Желая украсить гроб сего любезного поэта собственными его стихами, напомним здесь любителям русского стихотворства лучшие места «Душеньки». Она не есть поэма героическая; мы не можем, следуя правилам Аристотеля, с важностию рассматривать ее басню, нравы, характеры и выражение их; не можем, к счастию, быть в сем случае педантами, которых боятся грации и любимцы их. «Душенька» есть легкая игра воображения, основанная на одних правилах нежного вкуса; а для них нет Аристотеля. В таком сочинении все правильно, что забавно и весело, остроумно выдумано, хорошо сказано. Это, кажется, очень легко – и в самом деле, нетрудно, – но только для людей с талантом. Пойдем же без всякого ученого масштаба вслед за стихотворцем; и чтобы лучше ценить его дарование, будем сравнивать «Душеньку» с лафонтеновым творением.

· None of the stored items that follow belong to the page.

lemma powser_deriv2_pos:
  fixes a :: "nat \<Rightarrow> real"
  assumes "summable (\<lambda>p. a p * K ^ p)" "K > 1"
    and "\<And>p. a p \<ge> 0" "a q > 0" "q \<ge> 2"
  shows "deriv (deriv (\<lambda>t. \<Sum>p. a p * t ^ p)) 1 > 0"
proof -
  have deriv_eq: "deriv (\<lambda>t. \<Sum>p. a p * t ^ p) x = (\<Sum>p. diffs a p * x ^ p)"
    if "x \<in> {-K<..<K}" for x
    using that \<open>K > 1\<close> by (intro DERIV_imp_deriv termdiffs_strong[OF assms(1)]) auto
  have "summable (\<lambda>p. diffs a p * ((1 + K) / 2) ^ p)"
    using assms by (intro termdiff_converges[of _ K] powser_inside[OF assms(1)]) auto
  then have "DERIV (\<lambda>x. \<Sum>p. diffs a p * x ^ p) 1 :> (\<Sum>p. diffs (diffs a) p * 1 ^ p)"
    using \<open>K > 1\<close> by (intro termdiffs_strong) auto
  then have "DERIV (deriv (\<lambda>t. \<Sum>p. a p * t ^ p)) 1 :> (\<Sum>p. diffs (diffs a) p * 1 ^ p)"
    by (rule has_field_derivative_transform_within_open[of _ _ _ "{-K<..<K}"])
      (use \<open>K > 1\<close> deriv_eq in auto)
  then have deriv2_eq: "deriv (deriv (\<lambda>t. \<Sum>p. a p * t ^ p)) 1 = (\<Sum>p. diffs (diffs a) p)"
    by (simp add: DERIV_imp_deriv)
  have "summable (\<lambda>p. diffs (diffs a) p * 1 ^ p)"
    using \<open>K > 1\<close> by (intro termdiff_converges[of _ K] termdiff_converges powser_inside[OF assms(1)])
      auto
  moreover have "Suc (Suc (q - 2)) = q"
    using \<open>q \<ge> 2\<close> by simp
  ultimately have "0 < (\<Sum>p. diffs (diffs a) p)"
    using assms by (intro suminf_pos2[of _ "q - 2"]) (auto simp: diffs_def)
  with deriv2_eq show ?thesis by simp
qed

lemma nu2_pos:
  assumes "is_model \<beta>"
  shows "nu2 \<beta> > 0"
proof -
  define a where "a p = (if 2 \<le> p then (\<beta> p)\<^sup>2 else 0)" for p
  obtain \<epsilon> :: real where "\<epsilon> > 0"
    and summable: "summable (\<lambda>p. if 2 \<le> p then (\<beta> p)\<^sup>2 * (1 + \<epsilon>) ^ p else 0)"
    using assms unfolding is_model_def by blast
  from summable have "summable (\<lambda>p. a p * (1 + \<epsilon>) ^ p)"
    by (rule summable_cong[THEN iffD1, rotated]) (simp add: a_def)
  moreover obtain q where "q \<ge> 2" "\<beta> q \<noteq> 0"
    using assms unfolding is_model_def by blast
  ultimately have "deriv (deriv (\<lambda>t. \<Sum>p. a p * t ^ p)) 1 > 0"
    using \<open>\<epsilon> > 0\<close> by (intro powser_deriv2_pos[of _ "1 + \<epsilon>" q]) (auto simp: a_def)
  moreover have "xi \<beta> = (\<lambda>t. \<Sum>p. a p * t ^ p)"
    unfolding xi_def a_def by (intro ext suminf_cong) auto
  ultimately show ?thesis
    unfolding nu2_def by simp
qed

lemma phi_pos: "m > 0 \<Longrightarrow> t < 1 + c / m \<Longrightarrow> phi m c t > 0"
  unfolding phi_def by (simp add: field_simps)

Мы уже говорили о том, что Богданович не рабски подражает образцу своему. Например, в самом начале он забавно описывает доброго царя, отца героини,
Который свету был полезен,
Богам любезен;
Достойно награждал,
Достойно осуждал…
[и так далее]. У Лафонтена нет о том ни слова. И как все приятно сказано! Как перемена стихов у места и счастлива! – Любезное имя, которым Богданович назвал свою героиню, представляет ему счастливую игру мыслей, которой Лафонтен мог бы позавидовать:
Звалась она Душа по толку мудрецов;
А после, в повестях старинных знатоков,
У русских Душенькой она именовалась,
И пишут, что тогда
Изыскано не без труда
К ее названию приличнейшее слово,
Которое еще для слуха было ново.
Во славу Душеньке у нас от тех времен
Поставлено оно народом в лексиконе
Между приятнейших имен,
И утвердила то любовь в своем законе.
Это одно гораздо лучше всякого подробного описания Душенькиных прелестей, которого нет ни у Богдановича, ни у Лафонтена: ибо они не хотели говорить слишком обыкновенного. – Жалобы Венеры в русской поэме лучше, нежели во французской сказке, где она также в стихах. Читатели могут судить:
Амур, Амур! Вступись за честь мою и славу;
Яви свой суд, яви управу.
………………………………..
Соделай Душеньку постылою навек
И столь худою,
И столь дурною,
Чтоб всякий от нее чуждался человек;
Иль дай ты ей в мужья, кто б всех сыскался хуже:
Чтобы нашла она себе тирана в муже
И мучила себя,
Жестокого любя;
Чтобы ее краса увяла
И я покойна стала.
Лафонтенова Венера, сказав, что из Пафоса бежали к Душеньке все игры и смехи, продолжает:
…Поберегись же: надо сделать так,
Чтоб несмотря на все родни ее старанья,
Увел ее уродина, чужак,
Чтоб ведать ей одни скитанья,
Побои, брань и нареканья,
Чтоб тщетно плакала и мучилась она,
Униженная, – нам с тобою не страшна[1].
Для чести русского таланта мы не побоялись длинной выписки. Богданович и мыслями и выражениями побеждает опасного совместника. Он гораздо приличнее заставляет сказать Венеру, что сам Юпитер может жениться на Душеньке, а не лучший из смертных красавцев, от которого нельзя было родиться второму Купидону. Стихи… «И столь худою, и столь дурною» – «И мучила себя, жестокого любя», – живы и прекрасны; Лафонтеновы только изрядны… Венерино шествие у Лафонтена эскиз, у Богдановича картина. Первый сказал: «Тот зеркала хрусталь Венере подставляет»[2], а второй:
Несет обломок гор кристальных
На место зеркала пред ней.
Сей вид приятность объявляет
И радость на ее челе.
«О, если б вид сей, – он вещает, –
Остался вечно в хрустале!» –
и проч.
Лафонтен говорит: «Сиренам – громче петь, – Фетиды приказанье»[3]. Богданович:
Сирены, сладкие певицы,
Меж тем поют стихи ей в честь,
Мешают с былью небылицы,
Ее стараясь превознесть.
…………………………
Сама Фетида их послала
Для малых и больших услуг
И только для себя желала,
Чтоб дома был ее супруг.
Последняя черта забавна. Фетида рада веселить Венеру, но с тем условием, чтобы влюбчивый бог морей не выезжал к ней навстречу с трезубцем своим! – Лафонтен:
А ветры задержать стараются дыханье.
Один зефир шалит, забывши всякий страх;
Играет только он в Венериных кудрях,
Покров с нее сорвать старается порою.